The on-field results were historically poor. The 1962 Mets put up the worst record (40–120) in recent MLB history, and the 1963, 1964 and 1965 teams lost 111, 109 and 112 games. The Met farm system was slow to contribute useful players; by Opening Day 1966, it had yielded Cleon Jones, Ed Kranepool, Tug McGraw, Ron Swoboda and Bud Harrelson, but only Jones and Kranepool saw service before 1965. Weiss also passed on Reggie Jackson in the 1966 Major League Baseball draft, instead selecting Steve Chilcott.

In his five seasons as general manager, the Mets escaped last place in the National League only in Weiss's last year. They compiled a composite record of 260–547 (.322). He retired at age 72 on November 14, 1966, and was succeeded by former Cardinal GM Bing Devine. But despite their poor play, the Mets established a dedicated fan base from their first season in existence, and when they left the dilapidated Polo Grounds for their new home, Shea Stadium, in 1964 they outdrew the pennant-winning Yankees, 1.73 to 1.3 million fans. They would dominate New York baseball attendance until 1976, when their American League rivals moved into a renovated Yankee Stadium and won the pennant.

==Later life and legacy==
Weiss was named The Sporting News Executive of the Year in 1950, 1951, 1952, and 1960. In 1971, he was inducted into the Baseball Hall of Fame, one of seven selected for that year's honor. All of the inductees had been selected by the Veterans Committee; no players were elected through the regular voting process of the Baseball Writers' Association of America.

Weiss died in Greenwich, Connecticut, at age 78 in 1972. Stengel lamented his death, saying, "George's death is a tough thing on baseball. He was successful and great and capable in every way, shape and form. He wasn't a terrific mixer but George sure knew how to pick men. Why, you can't stay in baseball that long by pulling players out of an icebox." Yogi Berra said that Weiss could be difficult to deal with, but he praised the emotion that Weiss brought to the game as well as his understanding of the importance of scouting. He was inducted into the New York Mets Hall of Fame in 1982.

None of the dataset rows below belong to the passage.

lemma fills_in_orderD:
  assumes "fills_in_order N Z y" "1 \<le> s" "s < r" "r \<le> N" "Z (r - 1) < y r"
  shows "y s = Z s"
proof -
  have "r \<in> {1..N}" "s \<in> {1..N}"
    using assms by auto
  then show ?thesis
    using assms unfolding fills_in_order_def by blast
qed

locale convex_quadratic_spline =
  fixes N :: nat and Z :: "nat \<Rightarrow> real" and \<phi> :: "real \<Rightarrow> real" and h f g :: "nat \<Rightarrow> real"
  assumes N_pos: "1 \<le> N"
    and breakpoints_increasing: "\<And>r. r \<in> {1..N} \<Longrightarrow> Z (r - 1) < Z r"
    and convex: "convex_on {Z 0..Z N} \<phi>"
    and pieces: "\<And>r z. r \<in> {1..N} \<Longrightarrow> z \<in> {Z (r - 1)..Z r} \<Longrightarrow>
                   \<phi> z = 1/2 * h r * z^2 + f r * z + g r"
    and nondegenerate: "\<And>r. r \<in> {1..N - 1} \<Longrightarrow> h r > 0 \<or> (f r, g r) \<noteq> (f (r + 1), g (r + 1))"
begin

lemma breakpoints_mono:
  assumes "i \<le> j" "j \<le> N"
  shows "Z i \<le> Z j"
proof (rule lift_Suc_mono_le_ivl[of "{0..<N}"])
  show "Z n \<le> Z (Suc n)" if "n \<in> {0..<N}" for n
    using breakpoints_increasing[of "Suc n"] that by simp
qed (use assms in auto)

lemma transfer_strictly_decreases:
  assumes "1 \<le> s" "s < r" "r \<le> N" "0 < e" "e \<le> Z (s + 1) - Z s"
    and "Z (s - 1) \<le> a" "a + e \<le> Z s" "Z (r - 1) \<le> b - e" "b \<le> Z r"
  shows "\<phi> (a + e) - \<phi> a + (\<phi> (b - e) - \<phi> b) < 0"
proof -
  have Z: "Z 0 \<le> Z (s - 1)" "Z s \<le> Z (r - 1)" "Z (s + 1) \<le> Z N" "Z r \<le> Z N"
    using assms by (auto intro!: breakpoints_mono)
  have "\<phi> (a + e) - \<phi> a \<le> \<phi> (Z s) - \<phi> (Z s - e)"
    using convex_on_increment_mono[OF convex, of a "Z s - e" e] assms Z by simp
  also have "\<dots> < \<phi> (Z s + e) - \<phi> (Z s)"
  proof (rule convex_quadratic_pieces_strict_at_junction[OF convex])
    show "\<phi> z = 1/2 * h s * z^2 + f s * z + g s" if "z \<in> {Z s - e..Z s}" for z
      using pieces[of s z] that assms by auto
    show "\<phi> z = 1/2 * h (s + 1) * z^2 + f (s + 1) * z + g (s + 1)" if "z \<in> {Z s..Z s + e}" for z
      using pieces[of "s + 1" z] that assms by auto
    show "h s > 0 \<or> (f s, g s) \<noteq> (f (s + 1), g (s + 1))"
      using nondegenerate[of s] assms by auto
  qed (use assms Z in auto)
  also have "\<dots> \<le> \<phi> b - \<phi> (b - e)"
    using convex_on_increment_mono[OF convex, of "Z s" "b - e" e] assms Z by simp
  finally show ?thesis
    by simp
qed

lemma transfer_improves:
  assumes y: "in_segments N Z y" and sr: "1 \<le> s" "s < r" "r \<le> N"
    and "y s < Z s" "Z (r - 1) < y r"
  obtains y' where "in_segments N Z y'" "lifted_total N Z y' = lifted_total N Z y"
    "(\<Sum>t=1..N. \<phi> (y' t) - \<phi> (Z (t - 1))) < (\<Sum>t=1..N. \<phi> (y t) - \<phi> (Z (t - 1)))"
proof
  define e where "e = min (min (Z s - y s) (y r - Z (r - 1))) (Z (s + 1) - Z s)"
  define y' where "y' = y(s := y s + e, r := y r - e)"
  have bounds: "Z (t - 1) \<le> y t" "y t \<le> Z t" if "t \<in> {1..N}" for t
    using y that by (auto simp: in_segments_def)
  have e: "0 < e" "y s + e \<le> Z s" "Z (r - 1) \<le> y r - e" "e \<le> Z (s + 1) - Z s"
    using assms breakpoints_increasing[of "s + 1"] by (auto simp: e_def)
  have "Z (s - 1) \<le> y s + e" "y r - e \<le> Z r"
    using bounds[of s] bounds[of r] sr e by auto
  then show "in_segments N Z y'"
    unfolding in_segments_def y'_def using bounds e sr by auto
  show "lifted_total N Z y' = lifted_total N Z y"
    using sum_transfer_between_two[of "{1..N}" s r "\<lambda>x. x" y e "\<lambda>t. Z (t - 1)"] sr
    by (simp add: lifted_total_def y'_def)
  have "\<phi> (y s + e) - \<phi> (y s) + (\<phi> (y r - e) - \<phi> (y r)) < 0"
    using transfer_strictly_decreases[OF sr e(1,4)] e bounds[of s] bounds[of r] sr by simp
  then show "(\<Sum>t=1..N. \<phi> (y' t) - \<phi> (Z (t - 1))) < (\<Sum>t=1..N. \<phi> (y t) - \<phi> (Z (t - 1)))"
    using sum_transfer_between_two[of "{1..N}" s r \<phi> y e "\<lambda>t. \<phi> (Z (t - 1))"] sr
    by (simp add: y'_def)
qed

lemma fills_in_order_pivot:
  assumes "in_segments N Z y" "fills_in_order N Z y"
  obtains k where "k \<in> {1..N}"
    "\<And>s. s \<in> {1..N} \<Longrightarrow> s < k \<Longrightarrow> y s = Z s"
    "\<And>s. s \<in> {1..N} \<Longrightarrow> k < s \<Longrightarrow> y s = Z (s - 1)"
proof
  define k where "k = Max (insert 1 {r \<in> {1..N}. Z (r - 1) < y r})"
  have fin: "finite (insert 1 {r \<in> {1..N}. Z (r - 1) < y r})"
    by simp
  show k: "k \<in> {1..N}"
    using Max_in[OF fin] N_pos unfolding k_def by auto
  show "y s = Z s" if "s \<in> {1..N}" "s < k" for s
  proof -
    have "k \<noteq> 1" using that by auto
    then have "Z (k - 1) < y k"
      using Max_in[OF fin] unfolding k_def by auto
    then show ?thesis
      using assms(2) k that unfolding fills_in_order_def by blast
  qed
  show "y s = Z (s - 1)" if "s \<in> {1..N}" "k < s" for s
  proof -
    have "\<not> Z (s - 1) < y s"
    proof
      assume "Z (s - 1) < y s"
      then have "s \<le> k"
        using Max_ge[OF fin, of s] that unfolding k_def by blast
      then show False
        using that by simp
    qed
    moreover have "Z (s - 1) \<le> y s"
      using assms(1) that unfolding in_segments_def by blast
    ultimately show ?thesis
      by linarith
  qed
qed

lemma fills_in_order_increments:
  fixes G :: "real \<Rightarrow> 'a::ab_group_add"
  assumes "in_segments N Z y" "fills_in_order N Z y"
  shows "(\<Sum>s=1..N. G (y s) - G (Z (s - 1))) = G (lifted_total N Z y) - G (Z 0)"
proof -
  obtain k where k: "k \<in> {1..N}"
    "\<And>s. s \<in> {1..N} \<Longrightarrow> s < k \<Longrightarrow> y s = Z s"
    "\<And>s. s \<in> {1..N} \<Longrightarrow> k < s \<Longrightarrow> y s = Z (s - 1)"
    using fills_in_order_pivot[OF assms] by blast
  have "lifted_total N Z y = y k"
    using sum_increments_pivot[where G = "\<lambda>x. x" and y = y and Z = Z, OF k]
    by (simp add: lifted_total_def)
  then show ?thesis
    using sum_increments_pivot[where G = G and y = y and Z = Z, OF k] by simp
qed

lemma lifted_total_bounds:
  assumes "in_segments N Z y"
  shows "Z 0 \<le> lifted_total N Z y" "lifted_total N Z y \<le> Z N"
proof -
  have "0 \<le> (\<Sum>r=1..N. y r - Z (r - 1))"
    using assms by (intro sum_nonneg) (auto simp: in_segments_def)
  then show "Z 0 \<le> lifted_total N Z y"
    by (simp add: lifted_total_def)
  have "(\<Sum>r=1..N. y r - Z (r - 1)) \<le> (\<Sum>r=1..N. Z r - Z (r - 1))"
    using assms by (intro sum_mono) (auto simp: in_segments_def)
  also have "\<dots> = Z N - Z 0"
    by (rule sum_diff_pred_telescope)
  finally show "lifted_total N Z y \<le> Z N"
    by (simp add: lifted_total_def)
qed

lemma segment_clamp_in_segments: "in_segments N Z (segment_clamp Z z)"
  using breakpoints_increasing by (fastforce simp: in_segments_def segment_clamp_def)

lemma segment_clamp_fills_in_order: "fills_in_order N Z (segment_clamp Z z)"
  unfolding fills_in_order_def segment_clamp_def
proof (intro ballI impI)
  fix r s assume "r \<in> {1..N}" "s \<in> {1..N}" "s < r" "Z (r - 1) < max (Z (r - 1)) (min z (Z r))"
  moreover have "Z s \<le> Z (r - 1)" "Z (s - 1) < Z s"
    using calculation breakpoints_increasing[of s] by (auto intro: breakpoints_mono)
  ultimately show "max (Z (s - 1)) (min z (Z s)) = Z s"
    by auto
qed

lemma segment_clamp_total:
  assumes "z \<in> {Z 0..Z N}"
  shows "lifted_total N Z (segment_clamp Z z) = z"
proof -
  have "segment_clamp Z z r - Z (r - 1) = min z (Z r) - min z (Z (r - 1))" if "r \<in> {1..N}" for r
    using breakpoints_increasing[OF that] by (auto simp: segment_clamp_def)
  then have "(\<Sum>r=1..N. segment_clamp Z z r - Z (r - 1))
      = (\<Sum>r=1..N. min z (Z r) - min z (Z (r - 1)))"
    by (rule sum.cong[OF refl])
  also have "\<dots> = min z (Z N) - min z (Z 0)"
    by (rule sum_diff_pred_telescope)
  finally show ?thesis
    using assms by (simp add: lifted_total_def)
qed

lemma fills_in_order_lower_tail:
  assumes "in_segments N Z y" "fills_in_order N Z y"
    and "r \<in> {1..N}" "y r = Z (r - 1)" "s \<in> {r + 1..N}"
  shows "y s = Z (s - 1)"
proof (rule ccontr)
  assume "y s \<noteq> Z (s - 1)"
  moreover have "Z (s - 1) \<le> y s"
    using assms(1,3,5) unfolding in_segments_def by auto
  ultimately have "Z (s - 1) < y s"
    by simp
  then have "y r = Z r"
    using fills_in_orderD[OF assms(2), of r s] assms(3,5) by simp
  then show False
    using assms(4) breakpoints_increasing[OF assms(3)] by simp
qed

lemma lifted_obj_fills_in_order:
  assumes "in_segments N Z y" "fills_in_order N Z y"
  shows "lifted_obj \<gamma> \<phi> N Z w y = \<gamma> w + \<phi> (lifted_total N Z y)"
  using fills_in_order_increments[OF assms, of \<phi>] by (simp add: lifted_obj_def)

context
  fixes \<gamma> :: "real^'n \<Rightarrow> real" and A :: "real^'m" and B :: "real^'n^'m" and C :: "real^'m"
    and wopt :: "real^'n" and yopt :: "nat \<Rightarrow> real"
  assumes opt_feas: "lifted_feasible N Z A B C wopt yopt"
    and opt_min: "\<And>w y. lifted_feasible N Z A B C w y \<Longrightarrow>
                    lifted_obj \<gamma> \<phi> N Z wopt yopt \<le> lifted_obj \<gamma> \<phi> N Z w y"
begin

lemma optimizer_in_segments: "in_segments N Z yopt"
  using opt_feas by (simp add: lifted_feasible_iff)

lemma optimizer_fills_in_order: "fills_in_order N Z yopt"
  unfolding fills_in_order_def
proof (intro ballI impI, rule ccontr)
  fix r s assume rs: "r \<in> {1..N}" "s \<in> {1..N}" "s < r" "Z (r - 1) < yopt r" "yopt s \<noteq> Z s"
  then have "yopt s < Z s"
    using optimizer_in_segments unfolding in_segments_def by force
  then obtain y where y: "in_segments N Z y" "lifted_total N Z y = lifted_total N Z yopt"
    "(\<Sum>t=1..N. \<phi> (y t) - \<phi> (Z (t - 1))) < (\<Sum>t=1..N. \<phi> (yopt t) - \<phi> (Z (t - 1)))"
    using transfer_improves[OF optimizer_in_segments] rs by auto
  have "lifted_feasible N Z A B C wopt y"
    using opt_feas y(1,2) by (simp add: lifted_feasible_iff)
  from opt_min[OF this] show False
    using y(3) by (simp add: lifted_obj_def)
qed

lemma optimizer_solves_original:
  defines "zopt \<equiv> lifted_total N Z yopt"
  shows "orig_feasible N Z A B C wopt zopt"
    and "orig_feasible N Z A B C w z \<Longrightarrow> \<gamma> wopt + \<phi> zopt \<le> \<gamma> w + \<phi> z"
proof -
  show "orig_feasible N Z A B C wopt zopt"
    using opt_feas lifted_total_bounds[OF optimizer_in_segments]
    by (simp add: orig_feasible_def lifted_feasible_iff zopt_def)
  assume "orig_feasible N Z A B C w z"
  then have z: "z \<in> {Z 0..Z N}" and feas: "lifted_feasible N Z A B C w (segment_clamp Z z)"
    by (simp_all add: orig_feasible_def lifted_feasible_iff segment_clamp_in_segments
        segment_clamp_total)
  have "\<gamma> wopt + \<phi> zopt = lifted_obj \<gamma> \<phi> N Z wopt yopt"
    unfolding zopt_def
    by (rule lifted_obj_fills_in_order[OF optimizer_in_segments optimizer_fills_in_order, symmetric])
  also have "\<dots> \<le> lifted_obj \<gamma> \<phi> N Z w (segment_clamp Z z)"
    by (rule opt_min[OF feas])
  also have "\<dots> = \<gamma> w + \<phi> (lifted_total N Z (segment_clamp Z z))"
    by (rule lifted_obj_fills_in_order[OF segment_clamp_in_segments segment_clamp_fills_in_order])
  also have "\<dots> = \<gamma> w + \<phi> z"
    using segment_clamp_total[OF z] by simp
  finally show "\<gamma> wopt + \<phi> zopt \<le> \<gamma> w + \<phi> z" .
qed

end

end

With the debut of Elston Howard on April 14, 1955, the Yankees became the sixth of the eight American League teams—and the last of New York City's three big-league clubs—to break the baseball color line. According to the book Yogi Berra: Eternal Yankee, Weiss at a cocktail party stated loudly that "he would never allow a black man to wear a Yankee uniform." The Yankees farm system had in place a policy preventing black players from reaching the major league club, according to the book. Howard, the first African-American Yankee, was switched from an outfielder to a catcher, the position at which it would be least likely to break into the major league club, given Berra's presence.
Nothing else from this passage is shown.